## [Instructions for the task]
Set the whole listing down again exactly as written.

+++++

theorem proposition4p11:
  fixes M :: "'w measure" and P N :: "real \<Rightarrow> 'w \<Rightarrow> real^'n"
    and th :: "'n \<Rightarrow> real" and Sig :: "real^'n^'n"
    and alpha T t :: real and x :: "real^'n"
  assumes "0 < T" and "0 \<le> alpha" and "nonneg_def_mat Sig" and "\<forall>i. 0 \<le> th i"
    and "liq_model M T Sig th P N"
    and "0 \<le> t" and "t < T"
  shows "(\<forall>Lam Lam'. pos_def_mat Lam \<longrightarrow> pos_def_mat Lam' \<longrightarrow> loewner_le Lam Lam' \<longrightarrow>
            liq_value M P N th Lam Sig alpha T t x \<le> liq_value M P N th Lam' Sig alpha T t x)
       \<and> (\<forall>(lam :: 'n \<Rightarrow> real) i a b. (\<forall>j. 0 < lam j) \<longrightarrow> 0 < a \<longrightarrow> a \<le> b \<longrightarrow>
            liq_value M P N th (diag_mat (lam(i := b))) Sig alpha T t x / ennreal b
              \<le> liq_value M P N th (diag_mat (lam(i := a))) Sig alpha T t x / ennreal a)"
proof (intro conjI allI impI)
  fix Lam Lam' :: "real^'n^'n"
  assume "loewner_le Lam Lam'"
  then show "liq_value M P N th Lam Sig alpha T t x \<le> liq_value M P N th Lam' Sig alpha T t x"
    by (intro liq_value_mono_quadratic_form loewner_le_quadratic_form)
next
  fix lam :: "'n \<Rightarrow> real" and i and a b :: real
  assume "\<forall>j. 0 < lam j" and "0 < a" and "a \<le> b"
  then have lam_a: "\<forall>j. 0 \<le> (lam(i := a)) j"
    by (simp add: less_imp_le)
  have "liq_value M P N th (diag_mat (lam(i := b))) Sig alpha T t x
      \<le> ennreal (b/a) * liq_value M P N th (diag_mat (lam(i := a))) Sig alpha T t x"
  proof (rule liq_value_le_scaled)
    show "v \<bullet> (diag_mat (lam(i := b)) *v v) \<le> (b/a) * (v \<bullet> (diag_mat (lam(i := a)) *v v))" for v
      using \<open>\<forall>j. 0 < lam j\<close> \<open>0 < a\<close> \<open>a \<le> b\<close>
      by (intro quadratic_form_diag_mat_update_le) (simp_all add: less_imp_le)
    show "0 \<le> v \<bullet> (diag_mat (lam(i := a)) *v v)" for v
      unfolding quadratic_form_diag_mat using lam_a by (intro sum_nonneg) simp
    show "0 \<le> alpha * (v \<bullet> (Sig *v v))" for v
      using assms(2,3) by (simp add: nonneg_def_mat_def)
  qed (use \<open>0 < a\<close> \<open>a \<le> b\<close> in simp)
  then show "liq_value M P N th (diag_mat (lam(i := b))) Sig alpha T t x / ennreal b
      \<le> liq_value M P N th (diag_mat (lam(i := a))) Sig alpha T t x / ennreal a"
    using \<open>0 < a\<close> \<open>a \<le> b\<close> by (intro ennreal_divide_le_divide_of_le_scaled) simp_all
qed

+++++

## [Worked solution]
theorem proposition4p11:
  fixes M :: "'w measure" and P N :: "real \<Rightarrow> 'w \<Rightarrow> real^'n"
    and th :: "'n \<Rightarrow> real" and Sig :: "real^'n^'n"
    and alpha T t :: real and x :: "real^'n"
  assumes "0 < T" and "0 \<le> alpha" and "nonneg_def_mat Sig" and "\<forall>i. 0 \<le> th i"
    and "liq_model M T Sig th P N"
    and "0 \<le> t" and "t < T"
  shows "(\<forall>Lam Lam'. pos_def_mat Lam \<longrightarrow> pos_def_mat Lam' \<longrightarrow> loewner_le Lam Lam' \<longrightarrow>
            liq_value M P N th Lam Sig alpha T t x \<le> liq_value M P N th Lam' Sig alpha T t x)
       \<and> (\<forall>(lam :: 'n \<Rightarrow> real) i a b. (\<forall>j. 0 < lam j) \<longrightarrow> 0 < a \<longrightarrow> a \<le> b \<longrightarrow>
            liq_value M P N th (diag_mat (lam(i := b))) Sig alpha T t x / ennreal b
              \<le> liq_value M P N th (diag_mat (lam(i := a))) Sig alpha T t x / ennreal a)"
proof (intro conjI allI impI)
  fix Lam Lam' :: "real^'n^'n"
  assume "loewner_le Lam Lam'"
  then show "liq_value M P N th Lam Sig alpha T t x \<le> liq_value M P N th Lam' Sig alpha T t x"
    by (intro liq_value_mono_quadratic_form loewner_le_quadratic_form)
next
  fix lam :: "'n \<Rightarrow> real" and i and a b :: real
  assume "\<forall>j. 0 < lam j" and "0 < a" and "a \<le> b"
  then have lam_a: "\<forall>j. 0 \<le> (lam(i := a)) j"
    by (simp add: less_imp_le)
  have "liq_value M P N th (diag_mat (lam(i := b))) Sig alpha T t x
      \<le> ennreal (b/a) * liq_value M P N th (diag_mat (lam(i := a))) Sig alpha T t x"
  proof (rule liq_value_le_scaled)
    show "v \<bullet> (diag_mat (lam(i := b)) *v v) \<le> (b/a) * (v \<bullet> (diag_mat (lam(i := a)) *v v))" for v
      using \<open>\<forall>j. 0 < lam j\<close> \<open>0 < a\<close> \<open>a \<le> b\<close>
      by (intro quadratic_form_diag_mat_update_le) (simp_all add: less_imp_le)
    show "0 \<le> v \<bullet> (diag_mat (lam(i := a)) *v v)" for v
      unfolding quadratic_form_diag_mat using lam_a by (intro sum_nonneg) simp
    show "0 \<le> alpha * (v \<bullet> (Sig *v v))" for v
      using assms(2,3) by (simp add: nonneg_def_mat_def)
  qed (use \<open>0 < a\<close> \<open>a \<le> b\<close> in simp)
  then show "liq_value M P N th (diag_mat (lam(i := b))) Sig alpha T t x / ennreal b
      \<le> liq_value M P N th (diag_mat (lam(i := a))) Sig alpha T t x / ennreal a"
    using \<open>0 < a\<close> \<open>a \<le> b\<close> by (intro ennreal_divide_le_divide_of_le_scaled) simp_all
qed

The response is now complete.